For reference, these are running times on my mid-2009 macbook pro with 8
gigs of ram and 2.53 GHz Core 2 Duo.

On Mon, Jun 2, 2014 at 4:36 PM, Miles Lubin <miles.lu...@gmail.com> wrote:

> Hi Thomas,
>
> This is definitely a reasonable thing to want to do, and there are a
> number of methods to differentiate through a matrix factorization. Julia
> doesn't yet have a generic chol() method (see
> https://github.com/JuliaLang/julia/issues/1629), but it does have a
> generic LU decomposition method that works with DualNumbers. So if you
> replace cholfact with lufact your code might just work. However, this won't
> use LAPACK, and off-hand I'm not sure off hand if it's possible to
> reformulate a Cholesky with dual numbers into something LAPACK knows how to
> compute.
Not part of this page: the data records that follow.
lemma factor_divergence_nonneg:
  assumes fe: "feasible V F E d \<Gamma> \<mu> Bv Bf" and \<alpha>: "\<alpha> \<in> F"
  shows "0 \<le> rel_entropy (configs V E d \<alpha>) (Bf \<alpha>) (b_factor \<alpha>)"
proof (rule rel_entropy_nonneg[OF finite_configs])
  show "0 \<le> Bf \<alpha> x" "0 \<le> b_factor \<alpha> x" if "x \<in> configs V E d \<alpha>" for x
    using feasibleD(2)[OF fe \<alpha> that] feasibleD(2)[OF feasible_bp \<alpha> that] by auto
  show "0 < b_factor \<alpha> x" if "x \<in> configs V E d \<alpha>" "0 < Bf \<alpha> x" for x
    using feasible_factor_support[OF fe that] factor_partition_pos[OF \<alpha>] by (simp add: b_factor_eq)
  show "sum (Bf \<alpha>) (configs V E d \<alpha>) = sum (b_factor \<alpha>) (configs V E d \<alpha>)"
    using feasibleD(5)[OF fe \<alpha>] feasibleD(5)[OF feasible_bp \<alpha>] by simp
qed

lemma var_divergence_le_factor:
  assumes fe: "feasible V F E d \<Gamma> \<mu> Bv Bf" and e: "(j, \<alpha>) \<in> E"
  shows "rel_entropy {..<d j} (Bv j) (b_var j) \<le> rel_entropy (configs V E d \<alpha>) (Bf \<alpha>) (b_factor \<alpha>)"
proof -
  have \<alpha>: "\<alpha> \<in> F" using e E_subset by blast
  have "rel_entropy {..<d j} (Bv j) (b_var j) =
      rel_entropy {..<d j} (\<lambda>a. \<Sum>x\<in>{x\<in>configs V E d \<alpha>. x j = a}. Bf \<alpha> x)
        (\<lambda>a. \<Sum>x\<in>{x\<in>configs V E d \<alpha>. x j = a}. b_factor \<alpha> x)"
    unfolding rel_entropy_def
    using feasible_edge_marginal[OF fe e] feasible_edge_marginal[OF feasible_bp e]
    by (intro sum.cong) (auto simp: configs_fix_def)
  also have "\<dots> \<le> rel_entropy (configs V E d \<alpha>) (Bf \<alpha>) (b_factor \<alpha>)"
    using feasibleD(2)[OF fe \<alpha>] feasibleD(2)[OF feasible_bp \<alpha>] configs_less[OF _ e]
      feasible_factor_support[OF fe] factor_partition_pos[OF \<alpha>]
    by (intro rel_entropy_marginal_le finite_configs) (auto simp: b_factor_eq)
  finally show ?thesis .
qed
lemma mat_rank_stacked_hankel_syndromes:
  fixes e b :: "'a::field poly"
  assumes \<alpha>: "has_order \<alpha> na" and \<beta>: "has_order \<beta> nb" and "coprime na nb"
    and "coprime (int na) m1" "coprime (int nb) m2"
    and e: "{p. coeff e p \<noteq> 0} \<subseteq> {..<na}" and b: "{l. coeff b l \<noteq> 0} \<subseteq> {..<nb}"
    and N: "hweight e * hweight b \<le> \<nu> + L" and L: "0 < L"
  shows "mat_rank (stacked_hankel
      (\<lambda>j i. poly e (\<alpha> powi (f1 + int i * m1 + int j)) * poly b (\<beta> powi (f2 + int i * m2 + int j)))
      \<nu> L (hweight e * hweight b)) = hweight e * hweight b"
proof -
  define E where "E = {p. coeff e p \<noteq> 0}"
  define B where "B = {l. coeff b l \<noteq> 0}"
  define c where "c = (\<lambda>(p, l). coeff e p * \<alpha> powi (f1 * int p) * (coeff b l * \<beta> powi (f2 * int l)))"
  define w where "w = (\<lambda>(p, l). \<alpha> ^ p * \<beta> ^ l)"
  define Z where "Z = (\<lambda>(p, l). \<alpha> powi (m1 * int p) * \<beta> powi (m2 * int l))"
  have nz: "\<alpha> \<noteq> 0" "\<beta> \<noteq> 0"
    using \<alpha> \<beta> by (simp_all add: has_order_nonzero)
  have EB: "E \<times> B \<subseteq> {..<na} \<times> {..<nb}" "finite E" "finite B"
    using e b by (auto simp: E_def B_def intro: finite_subset)
  define syn where
    "syn = (\<lambda>j i. poly e (\<alpha> powi (f1 + int i * m1 + int j)) * poly b (\<beta> powi (f2 + int i * m2 + int j)))"
  have "syn = (\<lambda>j i. \<Sum>k\<in>E \<times> B. c k * w k ^ j * Z k ^ i)"
  proof (intro ext)
    fix j i
    have "syn j i = (\<Sum>(p, l)\<in>E \<times> B. coeff e p * (\<alpha> powi (f1 + int i * m1 + int j)) ^ p *
        (coeff b l * (\<beta> powi (f2 + int i * m2 + int j)) ^ l))"
      using EB by (simp add: syn_def poly_eq_sum_over_support E_def B_def sum_product sum.cartesian_product)
    also have "\<dots> = (\<Sum>k\<in>E \<times> B. c k * w k ^ j * Z k ^ i)"
      unfolding power_powi_affine_exponent[OF nz(1)] power_powi_affine_exponent[OF nz(2)]
      by (intro sum.cong) (auto simp: c_def w_def Z_def power_mult_distrib mult_ac)
    finally show "syn j i = (\<Sum>k\<in>E \<times> B. c k * w k ^ j * Z k ^ i)" .
  qed
  moreover have card: "card (E \<times> B) = hweight e * hweight b"
    by (simp add: E_def B_def hweight_def card_cartesian_product)
  moreover have "mat_rank (stacked_hankel (\<lambda>j i. \<Sum>k\<in>E \<times> B. c k * w k ^ j * Z k ^ i) \<nu> L
      (card (E \<times> B))) = card (E \<times> B)"
  proof (rule mat_rank_stacked_hankel_power_sums)
    show "inj_on w (E \<times> B)"
      using inj_on_powi_times_powi[OF \<alpha> \<beta> \<open>coprime na nb\<close>, of 1 1] EB
      by (auto simp: w_def intro: inj_on_subset)
    show "inj_on Z (E \<times> B)"
      using inj_on_powi_times_powi[OF \<alpha> \<beta> assms(3-5)] EB
      by (auto simp: Z_def intro: inj_on_subset)
    show "c k \<noteq> 0" if "k \<in> E \<times> B" for k
      using that nz by (auto simp: c_def E_def B_def)
  qed (use EB N L card in auto)
  ultimately show ?thesis
    by (simp add: syn_def)
qed

theorem theorem7:
  fixes A :: "'k::{finite,field} poly set"
    and emb :: "'k \<Rightarrow> 'K::{finite,field}"
    and na ka nb sa sb \<delta> \<nu> t :: nat
    and \<alpha> \<beta> :: 'K
    and f1 f2 m1 m2 :: int
    and a b e :: "'k poly"
    and E :: "nat set"
  assumes emb_inj: "inj emb"
    and emb_add: "\<And>x y. emb (x + y) = emb x + emb y"
    and emb_mult: "\<And>x y. emb (x * y) = emb x * emb y"
    and emb_one: "emb 1 = 1"
    and A_cyclic: "cyclic_code na A" and A_dim: "code_dim A ka"
    and nb_ge: "nb \<ge> 2"
    and coprime_n: "gcd na nb = 1"
    and sa_pos: "sa > 0" and sb_pos: "sb > 0"
    and K_card: "card (UNIV :: 'K set) = card (UNIV :: 'k set) ^ lcm sa sb"
    and \<alpha>_sub: "\<alpha> ^ (card (UNIV :: 'k set) ^ sa) = \<alpha>" and \<alpha>_ord: "has_order \<alpha> na"
    and \<beta>_sub: "\<beta> ^ (card (UNIV :: 'k set) ^ sb) = \<beta>" and \<beta>_ord: "has_order \<beta> nb"
    and m1_nz: "m1 \<noteq> 0" and m2_nz: "m2 \<noteq> 0"
    and gcd_m1: "gcd (int na) m1 = 1" and gcd_m2: "gcd (int nb) m2 = 1"
    and \<delta>_ge: "\<delta> \<ge> 2" and \<nu>_pos: "\<nu> > 0"
    and key: "\<And>a' b' j i. a' \<in> A \<Longrightarrow> b' \<in> spc_code nb \<Longrightarrow> j \<le> \<nu> \<Longrightarrow> i < \<delta> - 1 \<Longrightarrow>
        poly (map_poly emb a') (\<alpha> powi (f1 + int i * m1 + int j)) *
        poly (map_poly emb b') (\<beta> powi (f2 + int i * m2 + int j)) = 0"
    and b_code: "b \<in> spc_code nb" and b_weight: "hweight b = 2"
    and a_code: "a \<in> A"
    and E_sub: "E \<subseteq> {0..<na}" and E_card: "card E = t"
    and e_supp: "\<And>i. coeff e i \<noteq> 0 \<longleftrightarrow> i \<in> E"
    and t_bound: "4 * t \<le> \<delta> + \<nu> - 1"
    and rows_nonempty: "2 * t < \<delta> - 1"
  shows "mat_rank (stacked_hankel
            (\<lambda>j i. poly (map_poly emb e) (\<alpha> powi (f1 + int i * m1 + int j)) *
                   poly (map_poly emb b) (\<beta> powi (f2 + int i * m2 + int j)))
            \<nu> (\<delta> - 1 - 2 * t) (2 * t)) = 2 * t"
proof -
  have "emb 0 = 0"
    using emb_add[of 0 0] by (simp only: add_0 add_cancel_right_right)
  then have emb_eq_0: "emb x = 0 \<longleftrightarrow> x = 0" for x
    using inj_eq[OF emb_inj, of x 0] by simp
  have supp: "{i. coeff (map_poly emb p) i \<noteq> 0} = {i. coeff p i \<noteq> 0}" for p
    by (simp add: coeff_map_poly emb_eq_0)
  have "{i. coeff e i \<noteq> 0} = E"
    using e_supp by blast
  then have e: "{i. coeff (map_poly emb e) i \<noteq> 0} \<subseteq> {..<na}" "hweight (map_poly emb e) = t"
    using E_sub E_card by (auto simp: supp hweight_def)
  have "{i. coeff b i \<noteq> 0} \<subseteq> {..<nb}"
    using b_code by (auto simp: spc_code_def dest: le_degree)
  then have b: "{i. coeff (map_poly emb b) i \<noteq> 0} \<subseteq> {..<nb}" "hweight (map_poly emb b) = 2"
    using b_weight by (simp_all add: supp hweight_def)
  have "coprime na nb" "coprime (int na) m1" "coprime (int nb) m2"
    using coprime_n gcd_m1 gcd_m2 by (simp_all add: coprime_iff_gcd_eq_1)
  from mat_rank_stacked_hankel_syndromes[OF \<alpha>_ord \<beta>_ord this e(1) b(1), of \<nu> "\<delta> - 1 - 2 * t"]
  show ?thesis
    using e(2) b(2) t_bound rows_nonempty by (simp add: mult.commute)
qed

end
There also might be some performance issues with your hand-written
> Cholesky factorization, try:
>
> function choldn!{T}(A::Matrix{T})
>
> instead of
>
> function choldn!(A::Array)
>  ...
>  T = eltype(A);
>
>
> Exactly how much slower is it?
>
>
> On Monday, June 2, 2014 2:43:32 PM UTC-4, Thomas Covert wrote:
>>
>> I'm really excited to use DualNumbers and the autodiff option in
>> Optim.jl.  However, the functions I would like to optimize often make use
>> of linear algebra, including cholesky factorizations.  At present,
>> DualNumbers.jl does not implement a cholesky factorization.  My first pass
>> at a workaround for this was to just write out a standard cholesky solver
>>  (i.e., just writing out the equations listed in wikipedia).  This seems to
>> work fine - i.e., my "choldn()" function factors a DualNumber array into
>> upper and lower triangular matrices whose product is the input.
>>
>> However, my "choldn" function listed below is MUCH slower than the LAPACK
>> call built into chol().  I can't say I'm surprised by this, but the speed
>> hit makes the whole enterprise of using autodiff with DualNumbers
>> considerably less useful.
>>
>> I was hoping to find some neat linear algebra trick that would let me
>> compute a DualNumber cholesky factorization without having to resort to
>> non-LAPACK code, but I haven't found it yet.  That is, I figured that I
>> could compute the cholesky factorization of the real part of the matrix and
>> then separately compute a matrix which represented the DualNumber part.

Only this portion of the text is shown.